To do: Write out, without any change, the lines in the material below that run from the line with "unfolding nn_integral_joint_affine_err" through the line with "then show ?case", both included.

┌──

lemma nn_integral_joint_affine_err_le:
  assumes "0 \<le> U"
    and "AE x0 in lborel. q x0 \<noteq> 0 \<longrightarrow> (\<forall>i. btil \<beta> n + (mu_coeff_xn \<beta> n - u)\<^sup>2 * bbar \<beta> n
      + ((sqrt (abar \<beta> (n - 1)) - u * sqrt (abar \<beta> n)) * x0 $ i - v)\<^sup>2 \<le> U)"
  shows "(\<integral>\<^sup>+x. (\<Sum>i\<in>UNIV. \<integral>\<^sup>+y. ennreal (joint q \<beta> N n y x * (y $ i - (u * x $ i + v))\<^sup>2) \<partial>lborel) \<partial>lborel)
    \<le> ennreal (real CARD('d) * U)"
proof -
  have coord: "(\<integral>\<^sup>+x. \<integral>\<^sup>+y. ennreal (joint q \<beta> N n y x * (y $ i - (u * x $ i + v))\<^sup>2) \<partial>lborel \<partial>lborel)
      \<le> ennreal U" for i
  proof -
    have "(\<integral>\<^sup>+x. \<integral>\<^sup>+y. ennreal (joint q \<beta> N n y x * (y $ i - (u * x $ i + v))\<^sup>2) \<partial>lborel \<partial>lborel)
        \<le> (\<integral>\<^sup>+x0. ennreal (q x0) * ennreal U \<partial>lborel)"
      unfolding nn_integral_joint_affine_err
    proof (rule nn_integral_mono_AE)
      show "AE x0 in lborel. ennreal (q x0) * ennreal (btil \<beta> n + (mu_coeff_xn \<beta> n - u)\<^sup>2 * bbar \<beta> n
          + ((sqrt (abar \<beta> (n - 1)) - u * sqrt (abar \<beta> n)) * x0 $ i - v)\<^sup>2) \<le> ennreal (q x0) * ennreal U"
        using assms(2)
      proof eventually_elim
        case (elim x0)
        then show ?case
          by (cases "q x0 = 0") (auto intro!: mult_left_mono ennreal_leI)
      qed
    qed
    then show ?thesis
      by (simp add: nn_integral_multc q_nn_integral)
  qed
  have "(\<integral>\<^sup>+x. (\<Sum>i\<in>UNIV. \<integral>\<^sup>+y. ennreal (joint q \<beta> N n y x * (y $ i - (u * x $ i + v))\<^sup>2) \<partial>lborel) \<partial>lborel)
      = (\<Sum>i\<in>UNIV. \<integral>\<^sup>+x. \<integral>\<^sup>+y. ennreal (joint q \<beta> N n y x * (y $ i - (u * x $ i + v))\<^sup>2) \<partial>lborel \<partial>lborel)"
    by (rule nn_integral_sum) auto
  also have "\<dots> \<le> (\<Sum>i\<in>(UNIV :: 'd set). ennreal U)"
    by (rule sum_mono) (rule coord)
  also have "\<dots> = ennreal (real CARD('d) * U)"
    using \<open>0 \<le> U\<close> by (simp add: ennreal_mult ennreal_of_nat_eq_real_of_nat)
  finally show ?thesis .
qed

lemma sigma_opt_le:
  assumes "0 \<le> U"
    and "AE x0 in lborel. q x0 \<noteq> 0 \<longrightarrow> (\<forall>i. btil \<beta> n + (mu_coeff_xn \<beta> n - u)\<^sup>2 * bbar \<beta> n
      + ((sqrt (abar \<beta> (n - 1)) - u * sqrt (abar \<beta> n)) * x0 $ i - v)\<^sup>2 \<le> U)"
  shows "sigma_opt q \<beta> N n \<le> U"
proof -
  have "(\<integral>x. marg q \<beta> N n x * cov_trace (\<lambda>y. joint q \<beta> N n y x / marg q \<beta> N n x) \<partial>lborel)
      \<le> real CARD('d) * U"
    by (rule integral_cov_trace_le[OF joint_measurable marg_measurable _ joint_nonneg marg_nonneg
          nn_integral_joint nn_integral_joint_affine_err_le[OF assms] \<open>0 \<le> U\<close>]) measurable
  then show ?thesis
    by (simp add: sigma_opt_eq divide_le_eq mult.commute)
qed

└──

Task output:
      unfolding nn_integral_joint_affine_err
    proof (rule nn_integral_mono_AE)
      show "AE x0 in lborel. ennreal (q x0) * ennreal (btil \<beta> n + (mu_coeff_xn \<beta> n - u)\<^sup>2 * bbar \<beta> n
          + ((sqrt (abar \<beta> (n - 1)) - u * sqrt (abar \<beta> n)) * x0 $ i - v)\<^sup>2) \<le> ennreal (q x0) * ennreal U"
        using assms(2)
      proof eventually_elim
        case (elim x0)
        then show ?case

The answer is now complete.